[Collected data]

(* Let $G$ be a finite group and $T$ a $G$-Tambara functor. The Nakaoka spectrum $\operatorname{Spec}_{\mathbf{Nak}}(T)$ is a spectral space.
   Context: All rings are commutative with unit. A $G$-Tambara functor $T$ consists of commutative rings $T(G/H)$ for subgroups $H\le G$ with restriction ring maps, additive transfer maps, multiplicative norm maps and conjugation isomorphisms satisfying the standard Tambara axioms (Hill–Mazur). A Tambara ideal is a family of ring ideals $I(G/H)\subseteq T(G/H)$ closed under restriction, transfer, norm and conjugation; it is proper if $1\notin I(G/G)$. The product $IJ$ of Tambara ideals is the Tambara ideal generated by the levelwise products $I(G/H)J(G/H)$. A proper Tambara ideal $P$ is prime if for all Tambara ideals $I,J$, $IJ\subseteq P$ implies $I\subseteq P$ or $J\subseteq P$. $\operatorname{Spec}_{\mathbf{Nak}}(T)$ is the set of prime Tambara ideals, topologized by taking the sets $V_H(x)=\{P\mid x\in P(G/H)\}$ ($H\le G$, $x\in T(G/H)$) as a subbasis of closed sets. A spectral space (Hochster) is a quasi-compact sober space whose quasi-compact opens are closed under finite intersections and form a basis. *)

theory Defs
  imports "HOL-Analysis.Abstract_Topology" "HOL-Algebra.Ideal_Product" "HOL-Algebra.Coset"
          "HOL-Library.FuncSet"
begin

definition conjg :: "('g, 'b) monoid_scheme \<Rightarrow> 'g \<Rightarrow> 'g set \<Rightarrow> 'g set" where
  "conjg G g K = {g \<otimes>\<^bsub>G\<^esub> k \<otimes>\<^bsub>G\<^esub> inv\<^bsub>G\<^esub> g | k. k \<in> K}"

definition cosets_in :: "('g, 'b) monoid_scheme \<Rightarrow> 'g set \<Rightarrow> 'g set \<Rightarrow> 'g set set" where
  "cosets_in G H K = {h <#\<^bsub>G\<^esub> K | h. h \<in> H}"

definition dcosets :: "('g, 'b) monoid_scheme \<Rightarrow> 'g set \<Rightarrow> 'g set \<Rightarrow> 'g set \<Rightarrow> 'g set set" where
  "dcosets G H L K = {{l \<otimes>\<^bsub>G\<^esub> h \<otimes>\<^bsub>G\<^esub> k | l k. l \<in> L \<and> k \<in> K} | h. h \<in> H}"

definition dcrep :: "('g, 'b) monoid_scheme \<Rightarrow> 'g set \<Rightarrow> 'g set \<Rightarrow> 'g set \<Rightarrow> 'g set \<Rightarrow> 'g" where
  "dcrep G H L K D = (SOME h. h \<in> H \<and> D = {l \<otimes>\<^bsub>G\<^esub> h \<otimes>\<^bsub>G\<^esub> k | l k. l \<in> L \<and> k \<in> K})"

definition bool_fns :: "('g, 'b) monoid_scheme \<Rightarrow> 'g set \<Rightarrow> 'g set \<Rightarrow> ('g set \<Rightarrow> bool) set" where
  "bool_fns G H K = (cosets_in G H K \<rightarrow>\<^sub>E (UNIV :: bool set))"

definition bool_act :: "('g, 'b) monoid_scheme \<Rightarrow> 'g set \<Rightarrow> 'g set \<Rightarrow> 'g \<Rightarrow> ('g set \<Rightarrow> bool) \<Rightarrow> ('g set \<Rightarrow> bool)" where
  "bool_act G H K h s = (\<lambda>x\<in>cosets_in G H K. s (inv\<^bsub>G\<^esub> h <#\<^bsub>G\<^esub> x))"

definition bool_orbits :: "('g, 'b) monoid_scheme \<Rightarrow> 'g set \<Rightarrow> 'g set \<Rightarrow> ('g set \<Rightarrow> bool) set set" where
  "bool_orbits G H K = {{bool_act G H K h s | h. h \<in> H} | s. s \<in> bool_fns G H K}"

definition bool_stab :: "('g, 'b) monoid_scheme \<Rightarrow> 'g set \<Rightarrow> 'g set \<Rightarrow> ('g set \<Rightarrow> bool) \<Rightarrow> 'g set" where
  "bool_stab G H K s = {h \<in> H. \<forall>x \<in> cosets_in G H K. s (h <#\<^bsub>G\<^esub> x) = s x}"

text \<open>Sections of H/L -> H/K (L <= K <= H), i.e. the exponential object for the
  composite H/L -> H/K -> H/H; H acts by (h.s)(x) = h s(h^-1 x).\<close>
definition sections :: "('g, 'b) monoid_scheme \<Rightarrow> 'g set \<Rightarrow> 'g set \<Rightarrow> 'g set \<Rightarrow> ('g set \<Rightarrow> 'g set) set" where
  "sections G H K L = {s \<in> cosets_in G H K \<rightarrow>\<^sub>E cosets_in G H L. \<forall>x \<in> cosets_in G H K. s x \<subseteq> x}"

definition sec_act :: "('g, 'b) monoid_scheme \<Rightarrow> 'g set \<Rightarrow> 'g set \<Rightarrow> 'g \<Rightarrow> ('g set \<Rightarrow> 'g set) \<Rightarrow> ('g set \<Rightarrow> 'g set)" where
  "sec_act G H K h s = (\<lambda>x\<in>cosets_in G H K. h <#\<^bsub>G\<^esub> s (inv\<^bsub>G\<^esub> h <#\<^bsub>G\<^esub> x))"

definition sec_orbits :: "('g, 'b) monoid_scheme \<Rightarrow> 'g set \<Rightarrow> 'g set \<Rightarrow> 'g set \<Rightarrow> ('g set \<Rightarrow> 'g set) set set" where
  "sec_orbits G H K L = {{sec_act G H K h s | h. h \<in> H} | s. s \<in> sections G H K L}"

definition sec_stab :: "('g, 'b) monoid_scheme \<Rightarrow> 'g set \<Rightarrow> 'g set \<Rightarrow> ('g set \<Rightarrow> 'g set) \<Rightarrow> 'g set" where
  "sec_stab G H K s = {h \<in> H. \<forall>x \<in> cosets_in G H K. h <#\<^bsub>G\<^esub> s x = s (h <#\<^bsub>G\<^esub> x)}"

section \<open>Tambara functors (orbit-level description, Hill--Mazur)\<close>

text \<open>Level T(G/H) is indexed by the subgroup H.
  res K H : T(G/H) -> T(G/K),  tr K H, nm K H : T(G/K) -> T(G/H)  (K <= H),
  cj g K : T(G/K) -> T(G/gKg^-1).\<close>
record ('g, 'r) tambara_data =
  lev :: "'g set \<Rightarrow> 'r ring"
  res :: "'g set \<Rightarrow> 'g set \<Rightarrow> 'r \<Rightarrow> 'r"
  tr  :: "'g set \<Rightarrow> 'g set \<Rightarrow> 'r \<Rightarrow> 'r"
  nm  :: "'g set \<Rightarrow> 'g set \<Rightarrow> 'r \<Rightarrow> 'r"
  cj  :: "'g \<Rightarrow> 'g set \<Rightarrow> 'r \<Rightarrow> 'r"

definition tambara_functor :: "('g, 'b) monoid_scheme \<Rightarrow> ('g, 'r) tambara_data \<Rightarrow> bool" where
  "tambara_functor G T \<longleftrightarrow>
    \<comment> \<open>levels are commutative rings\<close>
    (\<forall>H. subgroup H G \<longrightarrow> cring (lev T H)) \<and>
    \<comment> \<open>restriction and conjugation are ring homomorphisms\<close>
    (\<forall>H K. subgroup H G \<longrightarrow> subgroup K G \<longrightarrow> K \<subseteq> H \<longrightarrow>
        res T K H \<in> ring_hom (lev T H) (lev T K)) \<and>
    (\<forall>g K. g \<in> carrier G \<longrightarrow> subgroup K G \<longrightarrow>
        cj T g K \<in> ring_hom (lev T K) (lev T (conjg G g K))) \<and>
    \<comment> \<open>transfers are additive, norms multiplicative (and unital, preserve 0)\<close>
    (\<forall>H K. subgroup H G \<longrightarrow> subgroup K G \<longrightarrow> K \<subseteq> H \<longrightarrow>
        (\<forall>a \<in> carrier (lev T K). tr T K H a \<in> carrier (lev T H) \<and> nm T K H a \<in> carrier (lev T H)) \<and>
        (\<forall>a \<in> carrier (lev T K). \<forall>b \<in> carrier (lev T K).
            tr T K H (a \<oplus>\<^bsub>lev T K\<^esub> b) = tr T K H a \<oplus>\<^bsub>lev T H\<^esub> tr T K H b \<and>
            nm T K H (a \<otimes>\<^bsub>lev T K\<^esub> b) = nm T K H a \<otimes>\<^bsub>lev T H\<^esub> nm T K H b) \<and>
        nm T K H \<one>\<^bsub>lev T K\<^esub> = \<one>\<^bsub>lev T H\<^esub> \<and>
        nm T K H \<zero>\<^bsub>lev T K\<^esub> = \<zero>\<^bsub>lev T H\<^esub>) \<and>
    \<comment> \<open>identities and transitivity\<close>
    (\<forall>H. subgroup H G \<longrightarrow> (\<forall>a \<in> carrier (lev T H).
        res T H H a = a \<and> tr T H H a = a \<and> nm T H H a = a)) \<and>
    (\<forall>H K L. subgroup H G \<longrightarrow> subgroup K G \<longrightarrow> subgroup L G \<longrightarrow> L \<subseteq> K \<longrightarrow> K \<subseteq> H \<longrightarrow>
        (\<forall>a \<in> carrier (lev T H). res T L K (res T K H a) = res T L H a) \<and>
        (\<forall>a \<in> carrier (lev T L). tr T K H (tr T L K a) = tr T L H a \<and>
                                   nm T K H (nm T L K a) = nm T L H a)) \<and>
    \<comment> \<open>conjugations: action of G, trivial action of H on T(G/H)\<close>
    (\<forall>H. subgroup H G \<longrightarrow> (\<forall>h \<in> H. \<forall>a \<in> carrier (lev T H). cj T h H a = a)) \<and>
    (\<forall>g g' K. g \<in> carrier G \<longrightarrow> g' \<in> carrier G \<longrightarrow> subgroup K G \<longrightarrow>
        (\<forall>a \<in> carrier (lev T K).
           cj T g (conjg G g' K) (cj T g' K a) = cj T (g \<otimes>\<^bsub>G\<^esub> g') K a)) \<and>
    \<comment> \<open>conjugations commute with restriction, transfer and norm\<close>
    (\<forall>g H K. g \<in> carrier G \<longrightarrow> subgroup H G \<longrightarrow> subgroup K G \<longrightarrow> K \<subseteq> H \<longrightarrow>
        (\<forall>a \<in> carrier (lev T H).
           cj T g K (res T K H a) = res T (conjg G g K) (conjg G g H) (cj T g H a)) \<and>
        (\<forall>a \<in> carrier (lev T K).
           cj T g H (tr T K H a) = tr T (conjg G g K) (conjg G g H) (cj T g K a) \<and>
           cj T g H (nm T K H a) = nm T (conjg G g K) (conjg G g H) (cj T g K a))) \<and>
    \<comment> \<open>Frobenius reciprocity\<close>
    (\<forall>H K. subgroup H G \<longrightarrow> subgroup K G \<longrightarrow> K \<subseteq> H \<longrightarrow>
        (\<forall>a \<in> carrier (lev T K). \<forall>b \<in> carrier (lev T H).
           tr T K H a \<otimes>\<^bsub>lev T H\<^esub> b = tr T K H (a \<otimes>\<^bsub>lev T K\<^esub> res T K H b))) \<and>
    \<comment> \<open>additive and multiplicative double coset formulas\<close>
    (\<forall>H K L. subgroup H G \<longrightarrow> subgroup K G \<longrightarrow> subgroup L G \<longrightarrow> K \<subseteq> H \<longrightarrow> L \<subseteq> H \<longrightarrow>
        (\<forall>a \<in> carrier (lev T K).
           res T L H (tr T K H a) =
             finsum (lev T L)
               (\<lambda>D. let h = dcrep G H L K D; K' = conjg G (inv\<^bsub>G\<^esub> h) L \<inter> K in
                      tr T (L \<inter> conjg G h K) L (cj T h K' (res T K' K a)))
               (dcosets G H L K) \<and>
           res T L H (nm T K H a) =
             finprod (lev T L)
               (\<lambda>D. let h = dcrep G H L K D; K' = conjg G (inv\<^bsub>G\<^esub> h) L \<inter> K in
                      nm T (L \<inter> conjg G h K) L (cj T h K' (res T K' K a)))
               (dcosets G H L K))) \<and>
    \<comment> \<open>Tambara reciprocity: norm of a sum\<close>
    (\<forall>H K. subgroup H G \<longrightarrow> subgroup K G \<longrightarrow> K \<subseteq> H \<longrightarrow>
        (\<forall>a \<in> carrier (lev T K). \<forall>b \<in> carrier (lev T K).
           nm T K H (a \<oplus>\<^bsub>lev T K\<^esub> b) =
             finsum (lev T H)
               (\<lambda>Ob. let s = (SOME s. s \<in> Ob); M = bool_stab G H K s in
                  tr T M H
                    (finprod (lev T M)
                       (\<lambda>D. let h = dcrep G H M K D; K' = conjg G (inv\<^bsub>G\<^esub> h) M \<inter> K in
                          nm T (M \<inter> conjg G h K) M
                            (cj T h K' (res T K' K (if s (h <#\<^bsub>G\<^esub> K) then a else b))))
                       (dcosets G H M K)))
               (bool_orbits G H K))) \<and>
    \<comment> \<open>Tambara reciprocity: norm of a transfer\<close>
    (\<forall>H K L. subgroup H G \<longrightarrow> subgroup K G \<longrightarrow> subgroup L G \<longrightarrow> L \<subseteq> K \<longrightarrow> K \<subseteq> H \<longrightarrow>
        (\<forall>a \<in> carrier (lev T L).
           nm T K H (tr T L K a) =
             finsum (lev T H)
               (\<lambda>Ob. let s = (SOME s. s \<in> Ob); M = sec_stab G H K s in
                  tr T M H
                    (finprod (lev T M)
                       (\<lambda>D. let h = dcrep G H M K D;
                               h' = (SOME h'. h' \<in> H \<and> s (h <#\<^bsub>G\<^esub> K) = h' <#\<^bsub>G\<^esub> L) in
                          nm T (M \<inter> conjg G h K) M
                            (res T (M \<inter> conjg G h K) (conjg G h' L) (cj T h' L a)))
                       (dcosets G H M K)))
               (sec_orbits G H K L)))"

◆ Exercise instructions: All that is needed is the exact run of lines above from the line containing "tr T K H a \<otimes>\<^bsub>lev" through the line containing "double coset formulas\<close>", both of them included.

◆ Result of this task:
           tr T K H a \<otimes>\<^bsub>lev T H\<^esub> b = tr T K H (a \<otimes>\<^bsub>lev T K\<^esub> res T K H b))) \<and>
    \<comment> \<open>additive and multiplicative double coset formulas\<close>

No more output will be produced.